_TASK DIRECTIONS_
Go through the listing and return every line with "noteq" in it.

_DATA FOR REVIEW_
(* For any directed hypergraph with a directed hypergraph cellular sheaf (any charge $q\in\mathbb R$, stalk dimension $d$) such that every $D_u$ is positive definite, the normalized Directed Sheaf Hypergraph Laplacian $L^{\vec{\mathcal F}}_N$ is positive semidefinite.
   Context: A directed hypergraph is $\mathcal H=(V,E)$ with $n=|V|$, $m=|E|$, each hyperedge $e\in E$ a nonempty subset of $V$ partitioned into disjoint sets $T(e)$ (tail) and $H(e)$ (head) with $e=T(e)\cup H(e)$; $\delta_e:=|e|$. A directed hypergraph cellular sheaf with charge $q\in\mathbb R$ and stalk dimension $d$ consists of: for each $e\in E$, $u\in V$, the scalar $\mathcal S^{(q)}_{u\trianglelefteq e}=1$ if $u\in H(e)$, $=e^{-2\pi\mathbf i q}$ if $u\in T(e)$, $=0$ otherwise; for each incidence $u\in e$ a real matrix $\mathcal F_{u\trianglelefteq e}\in\mathbb R^{d\times d}$ and $\vec{\mathcal F}_{u\trianglelefteq e}:=\mathcal S^{(q)}_{u\trianglelefteq e}\mathcal F_{u\trianglelefteq e}$. Let $B^{(q)}\in\mathbb C^{md\times nd}$ have $d\times d$ block $(e,u)$ equal to $\vec{\mathcal F}_{u\trianglelefteq e}$ if $u\in e$ and $0$ otherwise; $D_E=\mathrm{diag}(\delta_1I_d,\dots,\delta_mI_d)$; $D_u:=\sum_{e\ni u}\mathcal F_{u\trianglelefteq e}^\top\mathcal F_{u\trianglelefteq e}$; $D_V=\mathrm{diag}(D_1,\dots,D_n)$. $L^{\vec{\mathcal F}}:=D_V-(B^{(q)})^\dagger D_E^{-1}B^{(q)}$ and $L^{\vec{\mathcal F}}_N:=D_V^{-1/2}L^{\vec{\mathcal F}}D_V^{-1/2}$. *)

theory Defs
  imports "HOL-Analysis.Analysis"
begin

text \<open>Directed hypergraph on vertex set {..<n} with hyperedges indexed by {..<m};
  hyperedge e has tail T e and head H e.\<close>

definition dir_hypergraph :: "nat \<Rightarrow> nat \<Rightarrow> (nat \<Rightarrow> nat set) \<Rightarrow> (nat \<Rightarrow> nat set) \<Rightarrow> bool" where
  "dir_hypergraph n m T H \<longleftrightarrow>
     (\<forall>e<m. T e \<union> H e \<noteq> {} \<and> T e \<inter> H e = {} \<and> T e \<union> H e \<subseteq> {..<n})"

definition hedge :: "(nat \<Rightarrow> nat set) \<Rightarrow> (nat \<Rightarrow> nat set) \<Rightarrow> nat \<Rightarrow> nat set" where
  "hedge T H e = T e \<union> H e"

definition hdelta :: "(nat \<Rightarrow> nat set) \<Rightarrow> (nat \<Rightarrow> nat set) \<Rightarrow> nat \<Rightarrow> nat" where
  "hdelta T H e = card (hedge T H e)"

definition charge_scalar :: "real \<Rightarrow> (nat \<Rightarrow> nat set) \<Rightarrow> (nat \<Rightarrow> nat set) \<Rightarrow> nat \<Rightarrow> nat \<Rightarrow> complex" where
  "charge_scalar q T H u e =
     (if u \<in> H e then 1
      else if u \<in> T e then exp (- (2 * complex_of_real pi * \<i> * complex_of_real q))
      else 0)"

definition cmat :: "real^'d^'d \<Rightarrow> complex^'d^'d" where
  "cmat A = (\<chi> i j. complex_of_real (A $ i $ j))"

definition cadj :: "complex^'d^'d \<Rightarrow> complex^'d^'d" where
  "cadj A = (\<chi> i j. cnj (A $ j $ i))"

definition dir_restr ::
  "real \<Rightarrow> (nat \<Rightarrow> nat set) \<Rightarrow> (nat \<Rightarrow> nat set) \<Rightarrow> (nat \<Rightarrow> nat \<Rightarrow> real^'d^'d) \<Rightarrow> nat \<Rightarrow> nat \<Rightarrow> complex^'d^'d" where
  "dir_restr q T H F u e =
     (if u \<in> hedge T H e then (\<chi> i j. charge_scalar q T H u e * cmat (F u e) $ i $ j) else 0)"

definition deg_mat :: "nat \<Rightarrow> (nat \<Rightarrow> nat set) \<Rightarrow> (nat \<Rightarrow> nat set) \<Rightarrow> (nat \<Rightarrow> nat \<Rightarrow> real^'d^'d) \<Rightarrow> nat \<Rightarrow> real^'d^'d" where
  "deg_mat m T H F u = (\<Sum>e\<in>{e. e < m \<and> u \<in> hedge T H e}. transpose (F u e) ** F u e)"

definition real_pos_def :: "real^'d^'d \<Rightarrow> bool" where
  "real_pos_def A \<longleftrightarrow> transpose A = A \<and> (\<forall>x. x \<noteq> 0 \<longrightarrow> x \<bullet> (A *v x) > 0)"

definition mat_inv_sqrt :: "real^'d^'d \<Rightarrow> real^'d^'d" where
  "mat_inv_sqrt A = (THE S. real_pos_def S \<and> S ** S = matrix_inv A)"

text \<open>Sheaf Laplacian L^F as an n x n block matrix with d x d complex blocks:
  L = D_V - B^dagger D_E^{-1} B.\<close>
definition sheaf_laplacian ::
  "nat \<Rightarrow> real \<Rightarrow> (nat \<Rightarrow> nat set) \<Rightarrow> (nat \<Rightarrow> nat set) \<Rightarrow> (nat \<Rightarrow> nat \<Rightarrow> real^'d^'d) \<Rightarrow> nat \<Rightarrow> nat \<Rightarrow> complex^'d^'d" where
  "sheaf_laplacian m q T H F u v =
     (if u = v then cmat (deg_mat m T H F u) else 0)
     - (\<Sum>e<m. (\<chi> i j. (1 / of_nat (hdelta T H e)) * (cadj (dir_restr q T H F u e) ** dir_restr q T H F v e) $ i $ j))"

definition norm_sheaf_laplacian ::
  "nat \<Rightarrow> real \<Rightarrow> (nat \<Rightarrow> nat set) \<Rightarrow> (nat \<Rightarrow> nat set) \<Rightarrow> (nat \<Rightarrow> nat \<Rightarrow> real^'d^'d) \<Rightarrow> nat \<Rightarrow> nat \<Rightarrow> complex^'d^'d" where
  "norm_sheaf_laplacian m q T H F u v =
     cmat (mat_inv_sqrt (deg_mat m T H F u)) ** sheaf_laplacian m q T H F u v
       ** cmat (mat_inv_sqrt (deg_mat m T H F v))"

text \<open>Positive semidefiniteness of an n x n block matrix with d x d complex blocks
  (i.e. of the nd x nd complex matrix): Hermitian and x^* M x >= 0 for all x.\<close>
definition block_psd :: "nat \<Rightarrow> (nat \<Rightarrow> nat \<Rightarrow> complex^'d^'d) \<Rightarrow> bool" where
  "block_psd n M \<longleftrightarrow>
     (\<forall>u<n. \<forall>v<n. M u v = cadj (M v u)) \<and>
     (\<forall>x :: nat \<Rightarrow> complex^'d.
        let Q = (\<Sum>u<n. \<Sum>v<n. \<Sum>i\<in>UNIV. cnj (x u $ i) * ((M u v *v x v) $ i))
        in Im Q = 0 \<and> Re Q \<ge> 0)"

end

(*
  Expanding the quadratic form of the sheaf Laplacian hyperedge by hyperedge gives
    y* L y = sum_e ( sum_{u in e} |F_{u<|e} y_u|^2 - |sum_{u in e} S_{u<|e} F_{u<|e} y_u|^2 / delta_e ),
  and every summand is nonnegative by the triangle and Cauchy-Schwarz inequalities, because the
  charge scalars S_{u<|e} have modulus 1.  The normalized form at x is the unnormalized one at
  y_u = D_u^(-1/2) x_u, which needs D_u^(-1/2) to be symmetric: the defining description of
  D_u^(-1/2) determines it uniquely, by the spectral theorem for real symmetric matrices and the
  uniqueness of positive definite square roots.
*)
theory Submission
  imports Defs
begin

lemma symmetric_matrix_inner_commute:
  fixes A :: "real^'n^'n"
  assumes "transpose A = A"
  shows "x \<bullet> (A *v y) = (A *v x) \<bullet> y"
  by (metis assms dot_lmul_matrix transpose_matrix_vector)

lemma nonneg_quadratic_imp_linear_coeff_zero:
  fixes a b :: real
  assumes nonneg: "\<And>t. 0 \<le> 2 * t * a + t\<^sup>2 * b"
  shows "a = 0"
proof (rule ccontr)
  assume "a \<noteq> 0"
  define c where "c = \<bar>b\<bar> + 1"
  have "c > 0" "b \<le> c" unfolding c_def by auto
  have "0 \<le> c\<^sup>2 * (2 * (- a / c) * a + (- a / c)\<^sup>2 * b)"
    using nonneg[of "- a / c"] by simp
  also have "\<dots> = a\<^sup>2 * (b - 2 * c)"
    using \<open>c > 0\<close> by (simp add: field_simps power2_eq_square)
  also have "\<dots> < 0"
    using \<open>a \<noteq> 0\<close> \<open>b \<le> c\<close> \<open>c > 0\<close> by (simp add: mult_pos_neg)
  finally show False by simp
qed

lemma rayleigh_quotient_attains_max:
  fixes A :: "real^'n^'n"
  assumes W: "subspace W" and nontrivial: "W \<noteq> {0}"
  shows "\<exists>v\<in>W. norm v = 1 \<and> (\<forall>u\<in>W. u \<bullet> (A *v u) \<le> (v \<bullet> (A *v v)) * (u \<bullet> u))"
proof -
  define K where "K = W \<inter> sphere 0 1"
  define f where "f x = x \<bullet> (A *v x)" for x
  have "compact K"
    unfolding K_def using closed_Int_compact[OF closed_subspace[OF W] compact_sphere] .
  obtain w where "w \<in> W" "w \<noteq> 0" using nontrivial W subspace_0 by blast
  then have "w /\<^sub>R norm w \<in> K" unfolding K_def using W by (simp add: subspace_scale)
  moreover have "continuous_on K f" unfolding f_def
    by (intro continuous_intros linear_continuous_on matrix_vector_mul_linear)
  ultimately obtain v where v: "v \<in> K" and v_max: "\<And>y. y \<in> K \<Longrightarrow> f y \<le> f v"
    using continuous_attains_sup[OF \<open>compact K\<close>] by blast
  have "f u \<le> f v * (u \<bullet> u)" if "u \<in> W" for u
  proof (cases "u = 0")
    case False
    then have "u /\<^sub>R norm u \<in> K" unfolding K_def using \<open>u \<in> W\<close> W by (simp add: subspace_scale)
    moreover have "f (u /\<^sub>R norm u) = f u / (norm u)\<^sup>2"
      unfolding f_def by (simp add: matrix_vector_mult_scaleR power2_eq_square field_simps)
    ultimately have "f u / (norm u)\<^sup>2 \<le> f v" using v_max by metis
    then show ?thesis using False by (simp add: field_simps power2_norm_eq_inner)
  qed (simp add: f_def)
  then show ?thesis using v unfolding K_def f_def by auto
qed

_RESPONSE_
     (\<forall>e<m. T e \<union> H e \<noteq> {} \<and> T e \<inter> H e = {} \<and> T e \<union> H e \<subseteq> {..<n})"
  "real_pos_def A \<longleftrightarrow> transpose A = A \<and> (\<forall>x. x \<noteq> 0 \<longrightarrow> x \<bullet> (A *v x) > 0)"
  assume "a \<noteq> 0"
    using \<open>a \<noteq> 0\<close> \<open>b \<le> c\<close> \<open>c > 0\<close> by (simp add: mult_pos_neg)
  assumes W: "subspace W" and nontrivial: "W \<noteq> {0}"
  obtain w where "w \<in> W" "w \<noteq> 0" using nontrivial W subspace_0 by blast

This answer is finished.